From Prompts to Propositions: A Logic-Based Lens on Student-LLM Interactions
Ali Alfageeh, Sadegh AlMahdi Kazemi Zarkouei, Daye Nam, Daniel Prol, Matin Amoozadeh, Souti Chattopadhyay, James Prather, Paul Denny, Juho Leinonen, Michael Hilton, Sruti Srinivasa Ragavan, Mohammad Amin Alipour
TL;DR
This paper introduces Prompt2Constraints, a propositional-logic based framework that translates student prompts for programming tasks into structured logical constraints, enabling scalable, semantic analysis of prompt evolution. By applying few-shot learning to map prompts to constraints, the authors analyze 1,872 prompts from 203 CS1 students across three Python tasks, revealing patterns in successful versus unsuccessful prompting and moments where interventions can help. Key contributions include evidence of robustness in constraint extraction, insights into how prompts evolve, and a practical algorithm for measuring student progress toward solutions.
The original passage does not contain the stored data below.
lemma walk_op_potential:
  assumes summable: "\<And>x. (\<lambda>y. visits mu x y * f y) summable_on UNIV"
  shows "walk_op mu (\<lambda>x. \<Sum>\<^sub>\<infinity>y. visits mu x y * f y) x + f x = (\<Sum>\<^sub>\<infinity>y. visits mu x y * f y)"
proof -
  have nbrs_part: "((\<lambda>y. \<Sum>z\<in>nbrs mu x. trans_prob mu x z * (visits mu z y * f y))
      has_sum walk_op mu (\<lambda>x. \<Sum>\<^sub>\<infinity>y. visits mu x y * f y) x) UNIV"
    unfolding walk_op_def using summable
    by (intro has_sum_finite_sum finite_nbrs has_sum_cmult_right has_sum_infsum)
  have diag_part: "((\<lambda>y. if y = x then f x else 0) has_sum f x) UNIV"
  proof (rule has_sum_cong_neutral[where T = "{x}" and g = "\<lambda>_. f x", THEN iffD2])
    show "((\<lambda>_. f x) has_sum f x) {x}"
      using has_sum_finite[of "{x}" "\<lambda>_. f x"] by simp
  qed auto
  have "visits mu x y * f y
      = (\<Sum>z\<in>nbrs mu x. trans_prob mu x z * (visits mu z y * f y)) + (if y = x then f x else 0)" for y
  proof -
    have "(\<Sum>z\<in>nbrs mu x. trans_prob mu x z * (visits mu z y * f y))
        = walk_op mu (\<lambda>z. visits mu z y) x * f y"
      by (simp add: walk_op_def sum_distrib_right mult.assoc)
    then show ?thesis
      by (cases "x = y") (simp_all add: walk_op_visits algebra_simps)
  qed
  then have "((\<lambda>y. visits mu x y * f y)
      has_sum (walk_op mu (\<lambda>x. \<Sum>\<^sub>\<infinity>y. visits mu x y * f y) x + f x)) UNIV"
    using has_sum_add[OF nbrs_part diag_part] by simp
  then show ?thesis
    by (simp add: infsumI)
qed

lemma supersolution_ge_green:
  assumes "\<And>x. walk_op mu u x + f x \<le> u x" "\<And>x. u x \<ge> 0" "\<And>x. f x \<ge> 0"
  shows "vmeas mu p * f p * green mu x p \<le> u x"
proof -
  have "(\<Sum>y\<in>{p}. visits mu x y * f y) \<le> u x"
    using assms by (intro sum_visits_le_supersolution) auto
  then show ?thesis
    using green_mult_vmeas[of x p] by (simp add: mult_ac)
qed
text \<open>Any \<open>S\<close> with \<open>S u = e\<^sub>1\<close> has \<open>u\<close> as its first row, so \<open>\<xi>\<close> is \<open>2 \<Sum>\<^sub>i u\<^sub>i w\<^sub>i\<close>
  whatever \<open>S\<close> the choice operator picks.\<close>

lemma xi_tquad:
  fixes u a b c d e :: "real^3"
  assumes "u \<bullet> u = 1"
  shows "xi (\<lambda>i. tquad (u$i) (a$i) (b$i) (c$i) (d$i) (e$i)) = 2 * bform2 (u \<bullet> c) (u \<bullet> d) (u \<bullet> e)"
proof -
  have u: "(\<chi> i. ucoeff (tquad (u$i) (a$i) (b$i) (c$i) (d$i) (e$i))) = u"
    by (simp add: ucoeff_def coeff_tquad vec_eq_iff)
  have w: "wcoeff (tquad u' a' b' c' d' e') = bform2 c' d' e'" for u' a' b' c' d' e'
    by (simp add: wcoeff_def tquad_def)
  have "norm u = 1" using assms by (simp add: norm_eq_1)
  then have "\<exists>S::real^3^3. orthogonal_matrix S \<and> S *v u = axis 1 1"
    by (meson orthogonal_matrix_to_axis)
  define S where "S = (SOME S :: real^3^3. orthogonal_matrix S \<and> S *v u = axis 1 1)"
  have S: "orthogonal_matrix S" "S *v u = axis 1 1"
    using someI_ex[OF \<open>\<exists>S. _\<close>] unfolding S_def by blast+
  have row: "S $ 1 $ j = u $ j" for j
    using orthogonal_to_axis_component[OF S, of "axis j 1"]
    by (simp add: matrix_vector_mult_basis column_def inner_axis)
  have "xi (\<lambda>i. tquad (u$i) (a$i) (b$i) (c$i) (d$i) (e$i)) =
      2 * (\<Sum>j\<in>UNIV. [:[:S $ 1 $ j:]:] * bform2 (c$j) (d$j) (e$j))"
    unfolding xi_def Let_def u w S_def[symmetric] ..
  also have "\<dots> = 2 * bform2 (u \<bullet> c) (u \<bullet> d) (u \<bullet> e)"
    by (simp only: row sum_3 bform_mult bform_add) (simp add: inner_vec_def sum_3)
  finally show ?thesis .
qed

definition cplane :: "real^3 \<Rightarrow> complex" where
  "cplane x = Complex (x$2) (x$3)"

lemma cplane_simps [simp]:
  "Re (cplane x) = x$2" "Im (cplane x) = x$3" "cplane 0 = 0" "cplane (axis 1 1) = 0"
  by (simp_all add: cplane_def complex_eq_iff axis_def)

lemma inner_real3: "(x::real^3) \<bullet> y = x$1 * y$1 + x$2 * y$2 + x$3 * y$3"
  by (simp add: inner_vec_def sum_3)

lemma inner_cplane: "(x::real^3) \<bullet> y = x$1 * y$1 + Re (cplane x * cnj (cplane y))"
  by (simp add: inner_real3)

lemma real3_eq_iff: "(x::real^3) = y \<longleftrightarrow> x$1 = y$1 \<and> cplane x = cplane y"
  by (auto simp: vec_eq_iff forall_3 complex_eq_iff)

definition rot_matrix :: "complex \<Rightarrow> real^3^3" where
  "rot_matrix w = vector [vector [1, 0, 0], vector [0, Re w, - Im w], vector [0, Im w, Re w]]"

definition refl_matrix :: "complex \<Rightarrow> real^3^3" where
  "refl_matrix w = vector [vector [1, 0, 0], vector [0, Re w, Im w], vector [0, Im w, - Re w]]"

lemma rot_matrix_apply: "(rot_matrix w *v x) $ 1 = x $ 1" "cplane (rot_matrix w *v x) = w * cplane x"
  by (simp_all add: rot_matrix_def matrix_vector_mult_def sum_3 complex_eq_iff)

lemma refl_matrix_apply: "(refl_matrix w *v x) $ 1 = x $ 1" "cplane (refl_matrix w *v x) = w * cnj (cplane x)"
  by (simp_all add: refl_matrix_def matrix_vector_mult_def sum_3 complex_eq_iff)

lemma cmod_eq_1_iff: "cmod w = 1 \<longleftrightarrow> Re w * Re w + Im w * Im w = 1"
  by (simp add: cmod_def power2_eq_square)

lemma orthogonal_rot_matrix: "cmod w = 1 \<Longrightarrow> orthogonal_matrix (rot_matrix w)"
  by (simp add: cmod_eq_1_iff orthogonal_matrix vec_eq_iff forall_3 matrix_matrix_mult_def
      transpose_def mat_def sum_3 rot_matrix_def algebra_simps)

lemma orthogonal_refl_matrix: "cmod w = 1 \<Longrightarrow> orthogonal_matrix (refl_matrix w)"
  by (simp add: cmod_eq_1_iff orthogonal_matrix vec_eq_iff forall_3 matrix_matrix_mult_def
      transpose_def mat_def sum_3 refl_matrix_def algebra_simps)

lemma mult_cnj_eq_1: "cmod w = 1 \<Longrightarrow> w * cnj w = 1"
  by (simp add: complex_mult_cnj cmod_power2[symmetric])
The work has notable implications for scalable educational analytics and real-time hinting in AI-assisted programming tools.
Abstract
Background and Context. The increasing integration of large language models (LLMs) in computing education presents an emerging challenge in understanding how students use LLMs and craft prompts to solve computational tasks. Prior research has used both qualitative and quantitative methods to analyze prompting behavior, but these approaches lack scalability or fail to effectively capture the semantic evolution of prompts. Objective. In this paper, we investigate whether students prompts can be systematically analyzed using propositional logic constraints. We examine whether this approach can identify patterns in prompt evolution, detect struggling students, and provide insights into effective and ineffective strategies. Method. We introduce Prompt2Constraints, a novel method that translates students prompts into logical constraints. The constraints are able to represent the intent of the prompts in succinct and quantifiable ways. We used this approach to analyze a dataset of 1,872 prompts from 203 students solving introductory programming tasks. Findings. We find that while successful and unsuccessful attempts tend to use a similar number of constraints overall, when students fail, they often modify their prompts more significantly, shifting problem-solving strategies midway. We also identify points where specific interventions could be most helpful to students for refining their prompts. Implications. This work offers a new and scalable way to detect students who struggle in solving natural language programming tasks. This work could be extended to investigate more complex tasks and integrated into programming tools to provide real-time support.